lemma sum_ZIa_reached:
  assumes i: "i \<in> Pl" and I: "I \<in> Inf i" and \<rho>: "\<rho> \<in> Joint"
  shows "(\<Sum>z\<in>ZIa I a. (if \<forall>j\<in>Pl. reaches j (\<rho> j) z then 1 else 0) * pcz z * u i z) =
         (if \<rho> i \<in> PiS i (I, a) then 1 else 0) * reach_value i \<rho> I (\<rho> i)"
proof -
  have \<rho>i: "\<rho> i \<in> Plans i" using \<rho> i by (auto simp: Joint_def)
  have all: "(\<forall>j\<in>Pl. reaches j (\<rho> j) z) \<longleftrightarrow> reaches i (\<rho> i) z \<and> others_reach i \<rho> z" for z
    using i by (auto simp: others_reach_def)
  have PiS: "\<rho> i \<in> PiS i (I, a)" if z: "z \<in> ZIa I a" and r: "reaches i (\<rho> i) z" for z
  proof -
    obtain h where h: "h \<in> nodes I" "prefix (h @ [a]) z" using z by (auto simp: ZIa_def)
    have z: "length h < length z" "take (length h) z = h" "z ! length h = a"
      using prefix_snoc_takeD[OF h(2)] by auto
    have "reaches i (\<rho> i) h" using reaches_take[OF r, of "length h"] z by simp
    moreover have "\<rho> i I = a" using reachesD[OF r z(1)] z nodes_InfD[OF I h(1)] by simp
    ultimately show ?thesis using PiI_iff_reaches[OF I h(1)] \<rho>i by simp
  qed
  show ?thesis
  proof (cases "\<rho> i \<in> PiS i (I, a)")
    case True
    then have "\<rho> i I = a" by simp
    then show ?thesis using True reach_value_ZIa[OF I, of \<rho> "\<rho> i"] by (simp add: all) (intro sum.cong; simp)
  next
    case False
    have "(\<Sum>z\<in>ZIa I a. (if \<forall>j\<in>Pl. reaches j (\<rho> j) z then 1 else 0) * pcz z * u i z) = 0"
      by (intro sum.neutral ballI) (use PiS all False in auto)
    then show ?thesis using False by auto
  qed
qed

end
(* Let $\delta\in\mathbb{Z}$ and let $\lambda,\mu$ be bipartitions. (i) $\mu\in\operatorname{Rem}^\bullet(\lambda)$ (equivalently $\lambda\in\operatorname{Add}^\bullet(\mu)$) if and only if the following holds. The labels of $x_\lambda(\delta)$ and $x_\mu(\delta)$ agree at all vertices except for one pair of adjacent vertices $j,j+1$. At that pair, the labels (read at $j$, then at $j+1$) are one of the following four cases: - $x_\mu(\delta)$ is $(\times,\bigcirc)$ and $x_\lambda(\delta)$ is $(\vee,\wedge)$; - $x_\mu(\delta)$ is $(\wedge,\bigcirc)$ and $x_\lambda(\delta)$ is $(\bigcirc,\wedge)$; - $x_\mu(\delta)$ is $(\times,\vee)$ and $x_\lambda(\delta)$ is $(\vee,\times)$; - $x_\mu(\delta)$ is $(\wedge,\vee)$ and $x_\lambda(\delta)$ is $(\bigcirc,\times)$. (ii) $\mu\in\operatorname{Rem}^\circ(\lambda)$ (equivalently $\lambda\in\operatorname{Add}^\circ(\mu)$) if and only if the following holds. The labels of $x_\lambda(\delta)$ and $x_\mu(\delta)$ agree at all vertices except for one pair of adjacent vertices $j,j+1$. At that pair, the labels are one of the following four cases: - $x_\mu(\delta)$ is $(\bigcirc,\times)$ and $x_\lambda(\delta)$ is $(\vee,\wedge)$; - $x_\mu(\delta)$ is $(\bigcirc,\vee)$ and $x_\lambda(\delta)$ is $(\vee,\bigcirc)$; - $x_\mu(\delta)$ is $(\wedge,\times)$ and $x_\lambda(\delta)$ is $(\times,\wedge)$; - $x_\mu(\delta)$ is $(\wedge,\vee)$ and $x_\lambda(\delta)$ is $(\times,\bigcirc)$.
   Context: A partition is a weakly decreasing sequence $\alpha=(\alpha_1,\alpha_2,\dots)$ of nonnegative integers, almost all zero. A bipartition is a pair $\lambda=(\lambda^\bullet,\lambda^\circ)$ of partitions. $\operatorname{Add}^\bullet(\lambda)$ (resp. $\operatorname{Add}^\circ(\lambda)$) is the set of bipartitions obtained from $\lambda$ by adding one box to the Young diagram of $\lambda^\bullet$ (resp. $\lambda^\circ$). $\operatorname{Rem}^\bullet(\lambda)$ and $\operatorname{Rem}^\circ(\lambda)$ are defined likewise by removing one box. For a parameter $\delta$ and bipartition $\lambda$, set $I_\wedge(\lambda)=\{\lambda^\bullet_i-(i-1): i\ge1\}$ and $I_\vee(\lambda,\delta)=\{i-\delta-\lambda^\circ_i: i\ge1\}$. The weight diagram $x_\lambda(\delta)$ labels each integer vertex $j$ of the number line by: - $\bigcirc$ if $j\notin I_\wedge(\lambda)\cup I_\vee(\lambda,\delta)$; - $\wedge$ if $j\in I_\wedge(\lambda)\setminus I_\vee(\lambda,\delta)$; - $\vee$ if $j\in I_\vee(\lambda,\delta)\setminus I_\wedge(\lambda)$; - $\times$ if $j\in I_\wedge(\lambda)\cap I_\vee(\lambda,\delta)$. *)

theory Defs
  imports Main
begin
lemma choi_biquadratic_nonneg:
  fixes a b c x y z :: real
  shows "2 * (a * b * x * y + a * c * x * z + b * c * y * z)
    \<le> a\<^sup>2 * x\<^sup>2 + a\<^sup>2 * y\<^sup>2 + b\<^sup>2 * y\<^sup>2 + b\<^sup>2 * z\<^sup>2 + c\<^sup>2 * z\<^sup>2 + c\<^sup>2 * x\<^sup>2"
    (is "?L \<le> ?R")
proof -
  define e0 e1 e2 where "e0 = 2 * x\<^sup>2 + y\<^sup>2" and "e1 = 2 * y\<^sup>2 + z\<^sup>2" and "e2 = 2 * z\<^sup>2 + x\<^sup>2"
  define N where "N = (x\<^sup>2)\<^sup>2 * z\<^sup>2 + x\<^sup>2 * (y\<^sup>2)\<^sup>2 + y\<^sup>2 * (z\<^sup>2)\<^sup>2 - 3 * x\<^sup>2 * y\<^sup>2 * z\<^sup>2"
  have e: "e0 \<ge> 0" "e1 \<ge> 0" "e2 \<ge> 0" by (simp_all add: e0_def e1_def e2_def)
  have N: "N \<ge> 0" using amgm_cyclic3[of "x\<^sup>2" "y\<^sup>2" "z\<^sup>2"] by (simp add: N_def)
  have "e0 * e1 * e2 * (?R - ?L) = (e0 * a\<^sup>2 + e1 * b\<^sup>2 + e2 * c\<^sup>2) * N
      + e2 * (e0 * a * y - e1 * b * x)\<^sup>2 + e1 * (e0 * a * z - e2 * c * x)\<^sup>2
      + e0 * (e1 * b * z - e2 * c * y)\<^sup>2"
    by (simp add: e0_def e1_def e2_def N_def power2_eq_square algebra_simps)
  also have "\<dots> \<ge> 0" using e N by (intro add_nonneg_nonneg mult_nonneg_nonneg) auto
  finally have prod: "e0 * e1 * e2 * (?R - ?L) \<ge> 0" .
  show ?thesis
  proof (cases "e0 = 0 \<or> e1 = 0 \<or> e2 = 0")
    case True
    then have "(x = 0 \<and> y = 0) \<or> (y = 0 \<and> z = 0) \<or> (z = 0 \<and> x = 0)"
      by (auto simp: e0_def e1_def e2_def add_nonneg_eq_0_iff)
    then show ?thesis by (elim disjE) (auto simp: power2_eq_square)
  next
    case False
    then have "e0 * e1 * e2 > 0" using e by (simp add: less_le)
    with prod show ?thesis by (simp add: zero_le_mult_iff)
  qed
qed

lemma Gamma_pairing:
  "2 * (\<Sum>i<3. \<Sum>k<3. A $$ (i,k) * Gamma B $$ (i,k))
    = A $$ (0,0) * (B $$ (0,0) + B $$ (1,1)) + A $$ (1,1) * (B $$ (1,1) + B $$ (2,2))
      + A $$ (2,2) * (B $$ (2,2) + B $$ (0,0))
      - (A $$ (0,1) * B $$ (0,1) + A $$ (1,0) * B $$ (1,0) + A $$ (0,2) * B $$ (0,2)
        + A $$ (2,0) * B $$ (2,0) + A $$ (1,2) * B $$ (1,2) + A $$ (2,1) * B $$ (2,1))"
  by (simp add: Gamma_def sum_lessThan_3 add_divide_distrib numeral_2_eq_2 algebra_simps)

→ **TASK DIRECTIONS**
Lines in the data that hold "else" are to be counted, and the number alone reported.

→ **RESULT**
3